What if lawmakers never spoke to their constituents? Oddly enough, that’s exactly how corporate America operates. Shareholders vote for directors, but the directors rarely communicate with them.
Within the clubby world of directors, communicating with shareholders is overtly frowned upon: “We endorse the principle that direct engagement involving directors should not be a routine method of engagement for most US companies and for most investors,” says the Conference Board Governance Center Task Force on Corporate/Investor Engagement.
That’s why it was so unusual for the chairmen of 1,000 large US public companies to receive a letter this month from a group of shareholders representing more than $10 trillion in assets with a demand: Talk to us. The letter, signed by representatives of some of the biggest investment groups, insisted that boards open up.
“Engagement between public company directors and their company’s shareholders is an idea whose time has come,” wrote the group, known as the Shareholder-Director Exchange. “We believe that US public companies, in consultation with management, should consider formally adopting a policy providing for shareholder-director engagement.”
What was uncommon about the letter was that it came not from activist investors like Carl Icahn or William Ackman, but from institutional investors that until recently had traditionally supported whatever a company’s board recommended. Now, those investors want a dialogue.

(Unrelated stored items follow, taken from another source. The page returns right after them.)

text \<open>A form that is negative definite on a finite-dimensional span is uniformly so:
  its maximum on the compact coefficient sphere is negative.\<close>
lemma negative_definite_uniform:
  fixes T :: "'a::real_inner \<Rightarrow>\<^sub>L 'a"
  assumes fE: "finite E" and iE: "independent E" and ne: "E \<noteq> {}"
    and neg: "\<forall>x\<in>span E. x \<noteq> 0 \<longrightarrow> inner (T x) x < 0"
  shows "\<exists>c>0. \<forall>x\<in>span E. inner (T x) x \<le> - c * (norm x)\<^sup>2"
proof -
  define Z where "Z = coeff_sphere E"
  have cZ: "compact Z" unfolding Z_def by (rule compact_coeff_sphere[OF fE])
  have Zspan: "Z \<subseteq> span E" unfolding Z_def by (rule coeff_sphere_span)
  have Z0: "0 \<notin> Z" unfolding Z_def by (rule coeff_sphere_nonzero[OF fE iE])
  have Zmult: "\<exists>lm>0. \<exists>z\<in>Z. x = lm *\<^sub>R z" if "x \<in> span E" "x \<noteq> 0" for x
    unfolding Z_def using coeff_sphere_scaling[OF fE that] .
  obtain e where "e \<in> E" using ne by blast
  then have "e \<in> span E" "e \<noteq> 0" using iE span_base dependent_zero by blast+
  then have Zne: "Z \<noteq> {}" using Zmult by blast
  have "continuous_on Z (blinfun_apply T)"
    by (rule linear_continuous_on[OF blinfun.bounded_linear_right])
  then have cont: "continuous_on Z (\<lambda>z. inner (T z) z)" by (intro continuous_intros)
  obtain zs where zs: "zs \<in> Z" "\<forall>z\<in>Z. inner (T z) z \<le> inner (T zs) zs"
    using continuous_attains_sup[OF cZ Zne cont] by blast
  define \<mu> where "\<mu> = inner (T zs) zs"
  have "zs \<in> span E" "zs \<noteq> 0" using zs(1) Zspan Z0 by auto
  then have mu: "\<mu> < 0" unfolding \<mu>_def using neg by blast
  obtain R where R: "R > 0" "\<forall>z\<in>Z. norm z \<le> R"
    using compact_imp_bounded[OF cZ] unfolding bounded_pos by blast
  define c where "c = - \<mu> / R\<^sup>2"
  have c: "c > 0" using mu R by (simp add: c_def divide_neg_pos)
  have "inner (T x) x \<le> - c * (norm x)\<^sup>2" if x: "x \<in> span E" for x
  proof (cases "x = 0")
    case False
    then obtain lm z where lpos: "lm > 0" and zZ: "z \<in> Z" and xz: "x = lm *\<^sub>R z"
      using Zmult[OF x False] by blast
    have qz: "inner (T z) z \<le> \<mu>" using zs(2) zZ by (simp add: \<mu>_def)
    have qx: "inner (T x) x = lm\<^sup>2 * inner (T z) z"
      by (simp add: xz power2_eq_square blinfun.scaleR_right)
    have nx: "(norm x)\<^sup>2 \<le> lm\<^sup>2 * R\<^sup>2"
    proof -
      have "norm x = lm * norm z" using lpos by (simp add: xz)
      also have "\<dots> \<le> lm * R" using R zZ lpos by (intro mult_left_mono) auto
      finally have "norm x \<le> lm * R" .
      then have "(norm x)\<^sup>2 \<le> (lm * R)\<^sup>2" by (rule power_mono) simp
      then show ?thesis by (simp add: power_mult_distrib)
    qed
    have "inner (T x) x \<le> lm\<^sup>2 * \<mu>" unfolding qx by (rule mult_left_mono[OF qz]) simp
    also have "lm\<^sup>2 * \<mu> = (\<mu> / R\<^sup>2) * (lm\<^sup>2 * R\<^sup>2)" using R by (simp add: field_simps)
    also have "\<dots> \<le> (\<mu> / R\<^sup>2) * (norm x)\<^sup>2"
      using nx mu R by (intro mult_left_mono_neg) (auto simp: divide_nonpos_pos)
    also have "\<mu> / R\<^sup>2 = - c" by (simp add: c_def)
    finally show ?thesis .
  qed simp
  then show ?thesis using c by blast
qed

The reason boards have long shunned speaking with investors is multifaceted. Management usually have meetings with the company’s biggest shareholders. Some directors avoid meetings, worried about speaking with one voice. Most don’t consider it their responsibility. Some are anxious about accidentally disclosing sensitive information.
Insecure executives
Some chief executives are insecure and don’t want shareholders to get too close to their boards for fear they will have undue influence. After all, most directors rely directly on management and their presentations to understand what’s going on inside the company and what shareholders think. And then there is this: “Many top executives seem to think that board members cannot be trusted with such interactions,” according to the Harvard Business Review. “Yet if directors cannot be trusted to meet with and listen to shareholders, how can they be expected to competently govern a corporation?”
The Shareholder-Director Exchange – created by law firm Cadwalader, Wickersham & Taft and the corporate advisory firms Teneo and Tapestry Networks – has drafted what it is calling the SDX Protocol, a series of guidelines it hopes public companies will adopt and publish to determine when shareholder and director engagement is appropriate.
The guidelines suggest that companies decide under what circumstances a shareholder’s request to meet with directors should be granted: to discuss the board’s composition or management performance, for example. The point is that companies should decide, in advance and transparently, how they plan to communicate directly with shareholders long before a proxy fight were to develop.
Of course, there is a potential downside: if a board becomes too enamoured with a particular view from a set of shareholders, it could lead to short-term thinking that undermines long-term performance.
A new study by the Institute for Governance of Private and Public Organisations determined that “the most generous conclusion one may reach from these empirical studies has to be that ‘activist’ hedge funds create some short-term wealth for some shareholders as a result of investors . . . jumping in the stock of targeted companies.”
There is also the problem of unfair access. Large investors might have access small investors almost certainly won’t.
Lack of interest
There is, oddly enough, a counterintuitive reason that shareholders and directors don't speak. The shareholders, despite saying they want a dialogue, actually aren't interested. According to Tapestry Networks, at a conference, a member of Nestlé's executive board, David Frick, "talked about a programme to invite its largest shareholders to meet with the chairman . . . He said shareholders had either declined or simply didn't turn up to the meetings."
Even so, last year’s proxy season showed that only a quarter of the companies in the S&P 500-stock index “publicly reported engagement efforts or policies in their proxy statements,” according to the Shareholder-Director Exchange.
It would seem that some form of engagement from directors with shareholders would go a long way toward helping boards work on behalf of all shareholders rather just the most vocal.